I understand mud and water should be kept to a minimum but sometimes you don't have a choice. I have been threw water and mud with my BBSHD bike that I built and not had much issue. Yesterday while on my Atom Lynx X 6 I went threw some mud and got quite a bit behind the both sides of the motor covers causing hangups and grinding. Removing them requires crank removal. I personally feel this purpose built ebike has a poor design in that aspect.


----------



## Varaxis (Mar 16, 2010)

That's some ****. Glad I went Shimano STEPS, trusting Shimano engineers to have a better idea of what demands/challenges mtbs face.

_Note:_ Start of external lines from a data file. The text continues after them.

lemma sum_C3_sub_boxes_le:
  assumes "finite A" "finite B" "finite C"
  shows "(\<Sum>P\<in>{P. P \<subseteq> A \<and> card P = 2}. \<Sum>Q\<in>{Q. Q \<subseteq> B \<and> card Q = 2}.
      \<Sum>R\<in>{R. R \<subseteq> C \<and> card R = 2}. (C3 (P \<times> Q \<times> R) a)^2)
    \<le> real ((card A - 1) * (card B - 1) * (card C - 1)) * (C3 (A \<times> B \<times> C) a)^2"
proof -
  define K where "K = {P. P \<subseteq> A \<and> card P = 2} \<times> {Q. Q \<subseteq> B \<and> card Q = 2} \<times>
    {R. R \<subseteq> C \<and> card R = 2}"
  define box :: "nat set \<times> nat set \<times> nat set \<Rightarrow> (nat \<times> nat \<times> nat) set"
    where "box = (\<lambda>(P, Q, R). P \<times> Q \<times> R)"
  define f where "f x y = (\<Sum>\<alpha>\<in>proper_parts3. sq_minor a \<alpha> x y)" for x y
  have C3_box: "(C3 (box k) a)^2 = (\<Sum>x\<in>box k. \<Sum>y\<in>box k. f x y) / 4" if "k \<in> K" for k
  proof -
    obtain P Q R where k: "k = (P, Q, R)" by (cases k) auto
    have "finite P" "finite Q" "finite R" using that assms by (auto simp: k K_def intro: finite_subset)
    then show ?thesis by (simp add: f_def k box_def C3_power2_eq_sum_sq_minor)
  qed
  have multiplicity: "card {k\<in>K. x \<in> box k \<and> y \<in> box k} \<le> (card A - 1) * (card B - 1) * (card C - 1)"
    if "x \<in> A \<times> B \<times> C" for x y
  proof -
    have "{k\<in>K. x \<in> box k \<and> y \<in> box k} = {(P, Q, R)\<in>K. x \<in> P \<times> Q \<times> R \<and> y \<in> P \<times> Q \<times> R}"
      by (auto simp: box_def)
    then show ?thesis using card_boxes_containing_le[OF assms that] by (simp add: K_def)
  qed
  have "finite K" unfolding K_def using assms by (auto intro: finite_subset[of _ "Pow _"])
  have "(\<Sum>P\<in>{P. P \<subseteq> A \<and> card P = 2}. \<Sum>Q\<in>{Q. Q \<subseteq> B \<and> card Q = 2}.
      \<Sum>R\<in>{R. R \<subseteq> C \<and> card R = 2}. (C3 (P \<times> Q \<times> R) a)^2) = (\<Sum>k\<in>K. (C3 (box k) a)^2)"
    unfolding K_def box_def sum.cartesian_product by (intro sum.cong) auto
  also have "\<dots> = (\<Sum>k\<in>K. \<Sum>x\<in>box k. \<Sum>y\<in>box k. f x y) / 4"
    unfolding sum_divide_distrib[of _ K] by (rule sum.cong) (simp_all add: C3_box)
  also have "\<dots> \<le> (card A - 1) * (card B - 1) * (card C - 1)
      * (\<Sum>x\<in>A \<times> B \<times> C. \<Sum>y\<in>A \<times> B \<times> C. f x y) / 4"
    using \<open>finite K\<close> multiplicity assms
    by (intro divide_right_mono sum_over_blocks_le)
       (auto simp: K_def box_def f_def sq_minor_def intro!: sum_nonneg)
  also have "\<dots> = (card A - 1) * (card B - 1) * (card C - 1) * (C3 (A \<times> B \<times> C) a)^2"
    using assms by (simp add: f_def C3_power2_eq_sum_sq_minor)
  finally show ?thesis by simp
qed

theorem mainTheorem2:
  fixes d1 d2 d3 :: nat and a :: "nat \<times> nat \<times> nat \<Rightarrow> complex"
  assumes "d1 \<ge> 2" and "d2 \<ge> 2" and "d3 \<ge> 2"
    and "tr_sigma ({..<d1} \<times> {..<d2} \<times> {..<d3}) a = 1"
  shows "(C3 ({..<d1} \<times> {..<d2} \<times> {..<d3}) a)^2 \<ge>
    1 / real ((d1 - 1) * (d2 - 1) * (d3 - 1)) *
    (\<Sum>P\<in>{P. P \<subseteq> {..<d1} \<and> card P = 2}. \<Sum>Q\<in>{Q. Q \<subseteq> {..<d2} \<and> card Q = 2}.
       \<Sum>R\<in>{R. R \<subseteq> {..<d3} \<and> card R = 2}. (C3 (P \<times> Q \<times> R) a)^2)"
proof -
  define N where "N = real ((d1 - 1) * (d2 - 1) * (d3 - 1))"
  have "N > 0" using assms(1-3) by (simp add: N_def)
  moreover have "(\<Sum>P\<in>{P. P \<subseteq> {..<d1} \<and> card P = 2}. \<Sum>Q\<in>{Q. Q \<subseteq> {..<d2} \<and> card Q = 2}.
       \<Sum>R\<in>{R. R \<subseteq> {..<d3} \<and> card R = 2}. (C3 (P \<times> Q \<times> R) a)^2)
    \<le> N * (C3 ({..<d1} \<times> {..<d2} \<times> {..<d3}) a)^2"
    using sum_C3_sub_boxes_le[of "{..<d1}" "{..<d2}" "{..<d3}" a] by (simp add: N_def)
  ultimately show ?thesis unfolding N_def[symmetric] by (simp add: pos_divide_le_eq mult.commute)
qed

On other emtb forums, a lot of UK guys are going through Brose motors on their Levos at an alarming rate. That said, they do shamelessly report derestricting them, but don't believe that to be reason for the fault.


----------



## Salespunk (Sep 15, 2005)

I have had my Levo is water over the BB 4 or 5 times in the last few days without issue


----------



## rancher52 (Aug 16, 2019)

Got a Trek Powerfly 7fs, been riding in snow, melted water,slush, all winter, oil the chain it's been rock solid, though my butt and back is usually streaked with mud, Really any MTB, should not matter if it screams through a puddle, IMOP.

Sent from my SM-G955U using Tapatalk


----------



## Cody01 (Jul 23, 2014)

Since there was a design flaw I will be sealing it up good myself when I put it back together.


----------